WORK REQUEST:
Nothing after the line containing "- x0))) has_derivative" belongs in the answer; write out exactly every line from the start of the material up to it, including it.

SOURCE DATA:
__________
lemma has_derivative_quadratic_model:
  "(quadratic_model w \<alpha> x0 has_derivative (\<lambda>h. (w + \<alpha> *\<^sub>R (x - x0)) \<bullet> h)) (at x)"
proof -
  have "((\<lambda>x. x \<bullet> w + \<alpha> / 2 * ((x - x0) \<bullet> (x - x0))) has_derivative
        (\<lambda>h. (w + \<alpha> *\<^sub>R (x - x0)) \<bullet> h)) (at x)"
    by (auto intro!: derivative_eq_intros simp: fun_eq_iff algebra_simps inner_commute)
  then show ?thesis
    by (simp add: power2_norm_eq_inner)
qed

lemma twice_differentiable_quadratic_model:
  fixes w :: "'e::euclidean_space"
  shows "twice_differentiable (quadratic_model w \<alpha> x0)"
  unfolding twice_differentiable_def
proof (intro exI conjI allI)
  show "(quadratic_model w \<alpha> x0 has_derivative (\<lambda>h. (w + \<alpha> *\<^sub>R (x - x0)) \<bullet> h)) (at x)" for x
    by (rule has_derivative_quadratic_model)
  show "(\<lambda>x. w + \<alpha> *\<^sub>R (x - x0)) differentiable (at x)" for x
    by (intro differentiable_add differentiable_const differentiable_scaleR differentiable_diff differentiable_ident)
qed

definition second_order_jet :: "(real \<Rightarrow> 'a::real_normed_vector) \<Rightarrow> 'a \<Rightarrow> 'a \<Rightarrow> bool" where
  "second_order_jet \<gamma> v a \<longleftrightarrow>
     (\<exists>\<gamma>'. (\<forall>\<^sub>F t in nhds 0. (\<gamma> has_vector_derivative \<gamma>' t) (at t)) \<and>
           \<gamma>' 0 = v \<and> (\<gamma>' has_vector_derivative a) (at 0))"

lemma deriv_comp_second_order_jet:
  fixes f :: "'e::real_inner \<Rightarrow> real"
  assumes "second_order_jet \<gamma> v a"
    and grad: "\<And>x. (f has_derivative (\<lambda>h. G x \<bullet> h)) (at x)"
    and DG: "(G has_derivative DG) (at (\<gamma> 0))"
  shows "deriv (f \<circ> \<gamma>) 0 = G (\<gamma> 0) \<bullet> v"
    and "deriv (deriv (f \<circ> \<gamma>)) 0 = DG v \<bullet> v + G (\<gamma> 0) \<bullet> a"
proof -
  obtain \<gamma>' where vel: "\<forall>\<^sub>F t in nhds 0. (\<gamma> has_vector_derivative \<gamma>' t) (at t)"
    and v: "\<gamma>' 0 = v" and acc: "(\<gamma>' has_vector_derivative a) (at 0)"
    using assms(1) unfolding second_order_jet_def by blast
  have chain: "((f \<circ> \<gamma>) has_real_derivative G (\<gamma> t) \<bullet> \<gamma>' t) (at t)"
    if "(\<gamma> has_vector_derivative \<gamma>' t) (at t)" for t
    using vector_derivative_diff_chain_within[OF that has_derivative_at_withinI[OF grad]]
    by (simp add: has_real_derivative_iff_has_vector_derivative)
  have vel0: "(\<gamma> has_vector_derivative v) (at 0)"
    using eventually_nhds_x_imp_x[OF vel] v by simp
  then show "deriv (f \<circ> \<gamma>) 0 = G (\<gamma> 0) \<bullet> v"
    using chain v by (auto intro: DERIV_imp_deriv)
  have "\<forall>\<^sub>F t in nhds 0. deriv (f \<circ> \<gamma>) t = G (\<gamma> t) \<bullet> \<gamma>' t"
    using vel by eventually_elim (auto intro: DERIV_imp_deriv chain)
  then have "deriv (deriv (f \<circ> \<gamma>)) 0 = deriv (\<lambda>t. G (\<gamma> t) \<bullet> \<gamma>' t) 0"
    by (rule deriv_cong_ev) simp
  also have "\<dots> = DG v \<bullet> v + G (\<gamma> 0) \<bullet> a"
  proof (rule DERIV_imp_deriv)
    have "((G \<circ> \<gamma>) has_vector_derivative DG v) (at 0)"
      using vector_derivative_diff_chain_within[OF vel0 has_derivative_at_withinI[OF DG]] by simp
    from has_derivative_inner[OF this[unfolded has_vector_derivative_def]
        acc[unfolded has_vector_derivative_def]]
    have "((\<lambda>t. G (\<gamma> t) \<bullet> \<gamma>' t) has_derivative (\<lambda>h. (DG v \<bullet> v + G (\<gamma> 0) \<bullet> a) * h)) (at 0)"
      using v by (simp add: algebra_simps)
    then show "((\<lambda>t. G (\<gamma> t) \<bullet> \<gamma>' t) has_real_derivative DG v \<bullet> v + G (\<gamma> 0) \<bullet> a) (at 0)"
      by (simp add: has_field_derivative_def)
  qed
  finally show "deriv (deriv (f \<circ> \<gamma>)) 0 = DG v \<bullet> v + G (\<gamma> 0) \<bullet> a" .
qed

lemma C_k_on_2_D:
  assumes "C_k_on 2 U f" "x \<in> U"
  shows "f differentiable (at x)"
    and "(\<lambda>x. frechet_derivative f (at x) v) differentiable (at x)"
  using assms by (simp_all add: numeral_2_eq_2)

lemma second_order_jet_comp_C2:
  fixes \<beta> :: "real \<Rightarrow> 'n::euclidean_space" and h :: "'n \<Rightarrow> 'e::real_normed_vector"
  assumes S: "open S" "0 \<in> S" and \<beta>: "C_k_on 2 S \<beta>" and h: "C_k_on 2 T h" and \<beta>T: "\<beta> ` S \<subseteq> T"
    and \<gamma>: "\<And>t. t \<in> S \<Longrightarrow> \<gamma> t = h (\<beta> t)"
  shows "\<exists>v a. second_order_jet \<gamma> v a"
proof -
  define \<beta>' where "\<beta>' t = frechet_derivative \<beta> (at t) 1" for t
  \<comment> \<open>\<open>C_k_on\<close> only controls derivatives in fixed directions, so the velocity
    \<open>Dh(\<beta> t) (\<beta>'(t))\<close> is expanded in the basis to make its differentiability visible.\<close>
  define \<gamma>' where "\<gamma>' t = (\<Sum>i\<in>Basis. (\<beta>' t \<bullet> i) *\<^sub>R frechet_derivative h (at (\<beta> t)) i)" for t
  have vel: "(\<gamma> has_vector_derivative \<gamma>' t) (at t)" if "t \<in> S" for t
  proof -
    let ?D\<beta> = "frechet_derivative \<beta> (at t)" and ?Dh = "frechet_derivative h (at (\<beta> t))"
    have D\<beta>: "(\<beta> has_derivative ?D\<beta>) (at t)"
      using C_k_on_2_D(1)[OF \<beta> that] frechet_derivative_works by blast
    have Dh: "(h has_derivative ?Dh) (at (\<beta> t))"
      using C_k_on_2_D(1)[OF h] \<beta>T that frechet_derivative_works by blast
    have lin: "linear ?D\<beta>" "linear ?Dh"
      using D\<beta> Dh has_derivative_linear by blast+
    have "?Dh (?D\<beta> r) = r *\<^sub>R \<gamma>' t" for r
    proof -
      have "?D\<beta> r = r *\<^sub>R (\<Sum>i\<in>Basis. (\<beta>' t \<bullet> i) *\<^sub>R i)"
        using linear_scale[OF lin(1), of r 1] by (simp add: \<beta>'_def euclidean_representation)
      then show ?thesis
        by (simp add: \<gamma>'_def linear_scale[OF lin(2)] linear_sum[OF lin(2)] scaleR_sum_right)
    qed
    then have "((h \<circ> \<beta>) has_vector_derivative \<gamma>' t) (at t)"
      using diff_chain_at[OF D\<beta> Dh] by (simp add: has_vector_derivative_def comp_def)
    then show ?thesis
      by (rule has_vector_derivative_transform_within_open[OF _ S(1) that]) (simp add: \<gamma>)
  qed
  have "\<gamma>' differentiable (at 0)"
    unfolding \<gamma>'_def \<beta>'_def
  proof (intro differentiable_sum finite_Basis differentiable_scaleR differentiable_inner
      differentiable_const ballI)
    show "(\<lambda>t. frechet_derivative \<beta> (at t) 1) differentiable (at 0)"
      using C_k_on_2_D(2)[OF \<beta> S(2)] .
    show "(\<lambda>t. frechet_derivative h (at (\<beta> t)) i) differentiable (at 0)" for i
      using differentiable_compose[OF C_k_on_2_D(2)[OF h] C_k_on_2_D(1)[OF \<beta> S(2)]] \<beta>T S(2)
      by (auto simp: comp_def)
  qed
  then have "(\<gamma>' has_vector_derivative vector_derivative \<gamma>' (at 0)) (at 0)"
    by (rule vector_derivative_works[THEN iffD1])
  moreover have "\<forall>\<^sub>F t in nhds 0. (\<gamma> has_vector_derivative \<gamma>' t) (at t)"
    using S vel eventually_nhds by blast
  ultimately show ?thesis
    unfolding second_order_jet_def by blast
qed

lemma smooth_curve_second_order_jet:
  fixes A :: "('m::topological_space set \<times> ('m \<Rightarrow> 'n::euclidean_space)) set"
    and \<phi> :: "'m \<Rightarrow> 'e::real_normed_vector"
  assumes A: "smooth_atlas A" and \<phi>: "smooth_map A \<phi>" and c: "smooth_curve A c"
  shows "\<exists>v a. second_order_jet (\<phi> \<circ> c) v a"
proof -
  have "c 0 \<in> \<Union> (fst ` A)"
    using A by (simp add: smooth_atlas_def)
  then obtain U \<psi> where chart: "(U, \<psi>) \<in> A" and "c 0 \<in> U"
    by auto
  have "open U" and hom: "homeomorphism U (\<psi> ` U) \<psi> (inv_into U \<psi>)"
    using A chart unfolding smooth_atlas_def by blast+
  have "open (c -` U)"
    using c \<open>open U\<close> unfolding smooth_curve_def by (simp add: open_vimage)
  moreover have "C_k_on 2 (c -` U) (\<psi> \<circ> c)"
    using c chart unfolding smooth_curve_def smooth_on_def by blast
  moreover have "C_k_on 2 (\<psi> ` U) (\<phi> \<circ> inv_into U \<psi>)"
    using \<phi> chart unfolding smooth_map_def smooth_on_def by blast
  moreover have "(\<phi> \<circ> c) t = (\<phi> \<circ> inv_into U \<psi>) ((\<psi> \<circ> c) t)" if "t \<in> c -` U" for t
    using hom that unfolding homeomorphism_def by simp
  ultimately show ?thesis
    using \<open>c 0 \<in> U\<close>
    by (intro second_order_jet_comp_C2[where \<beta> = "\<psi> \<circ> c" and h = "\<phi> \<circ> inv_into U \<psi>"]) auto
qed

definition curve_jets :: "('m::topological_space set \<times> ('m \<Rightarrow> 'n::euclidean_space)) set
    \<Rightarrow> ('m \<Rightarrow> 'e::real_normed_vector) \<Rightarrow> 'm \<Rightarrow> ('e \<times> 'e) set" where
  "curve_jets A \<phi> y = {(v, a). \<exists>c. smooth_curve A c \<and> c 0 = y \<and> second_order_jet (\<phi> \<circ> c) v a}"

lemma two_critical_comp_iff_curve_jets:
  fixes \<phi> :: "'m::topological_space \<Rightarrow> 'e::real_inner" and f :: "'e \<Rightarrow> real"
  assumes A: "smooth_atlas A" and \<phi>: "smooth_map A \<phi>"
    and grad: "\<And>x. (f has_derivative (\<lambda>h. G x \<bullet> h)) (at x)"
    and DG: "(G has_derivative DG) (at (\<phi> y))"
  shows "two_critical A (f \<circ> \<phi>) y \<longleftrightarrow>
    (\<forall>(v, a) \<in> curve_jets A \<phi> y. G (\<phi> y) \<bullet> v = 0 \<and> 0 \<le> DG v \<bullet> v + G (\<phi> y) \<bullet> a)"
proof -
  have derivs: "deriv (f \<circ> \<phi> \<circ> c) 0 = G (\<phi> y) \<bullet> v \<and>
      deriv (deriv (f \<circ> \<phi> \<circ> c)) 0 = DG v \<bullet> v + G (\<phi> y) \<bullet> a"
    if "c 0 = y" "second_order_jet (\<phi> \<circ> c) v a" for c v a
    using deriv_comp_second_order_jet[OF that(2) grad] DG that(1) by (simp add: o_assoc)
  show ?thesis
  proof (intro iffI ballI; clarify?)
    fix v a assume crit: "two_critical A (f \<circ> \<phi>) y" and "(v, a) \<in> curve_jets A \<phi> y"
    then obtain c where "smooth_curve A c" "c 0 = y" "second_order_jet (\<phi> \<circ> c) v a"
      unfolding curve_jets_def by blast
    with crit derivs show "G (\<phi> y) \<bullet> v = 0 \<and> 0 \<le> DG v \<bullet> v + G (\<phi> y) \<bullet> a"
      unfolding two_critical_def by force
  next
    assume jets: "\<forall>(v, a) \<in> curve_jets A \<phi> y. G (\<phi> y) \<bullet> v = 0 \<and> 0 \<le> DG v \<bullet> v + G (\<phi> y) \<bullet> a"
    show "two_critical A (f \<circ> \<phi>) y"
      unfolding two_critical_def
    proof (intro allI impI; elim conjE)
      fix c assume "smooth_curve A c" "c 0 = y"
      moreover obtain v a where "second_order_jet (\<phi> \<circ> c) v a"
        using smooth_curve_second_order_jet[OF A \<phi> \<open>smooth_curve A c\<close>] by blast
      ultimately have "(v, a) \<in> curve_jets A \<phi> y" and derivs_c:
        "deriv (f \<circ> \<phi> \<circ> c) 0 = G (\<phi> y) \<bullet> v \<and>
         deriv (deriv (f \<circ> \<phi> \<circ> c)) 0 = DG v \<bullet> v + G (\<phi> y) \<bullet> a"
        using derivs unfolding curve_jets_def by blast+
      with jets show "deriv (f \<circ> \<phi> \<circ> c) 0 = 0 \<and> 0 \<le> deriv (deriv (f \<circ> \<phi> \<circ> c)) 0"
        by auto
    qed
  qed
qed

lemma two_critical_quadratic_model_iff:
  fixes \<phi> :: "'m::topological_space \<Rightarrow> 'e::real_inner"
  assumes "smooth_atlas A" "smooth_map A \<phi>"
  shows "two_critical A (quadratic_model w \<alpha> (\<phi> y) \<circ> \<phi>) y \<longleftrightarrow>
    (\<forall>(v, a) \<in> curve_jets A \<phi> y. w \<bullet> v = 0 \<and> 0 \<le> \<alpha> * (v \<bullet> v) + w \<bullet> a)"
proof -
  have "((\<lambda>x. w + \<alpha> *\<^sub>R (x - \<phi> y)) has_derivative (\<lambda>h. \<alpha> *\<^sub>R h)) (at (\<phi> y))"
    by (auto intro!: derivative_eq_intros)
  from two_critical_comp_iff_curve_jets[OF assms has_derivative_quadratic_model this]
  show ?thesis by simp
qed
__________
EXERCISE SOLUTION:
lemma has_derivative_quadratic_model:
  "(quadratic_model w \<alpha> x0 has_derivative (\<lambda>h. (w + \<alpha> *\<^sub>R (x - x0)) \<bullet> h)) (at x)"
proof -
  have "((\<lambda>x. x \<bullet> w + \<alpha> / 2 * ((x - x0) \<bullet> (x - x0))) has_derivative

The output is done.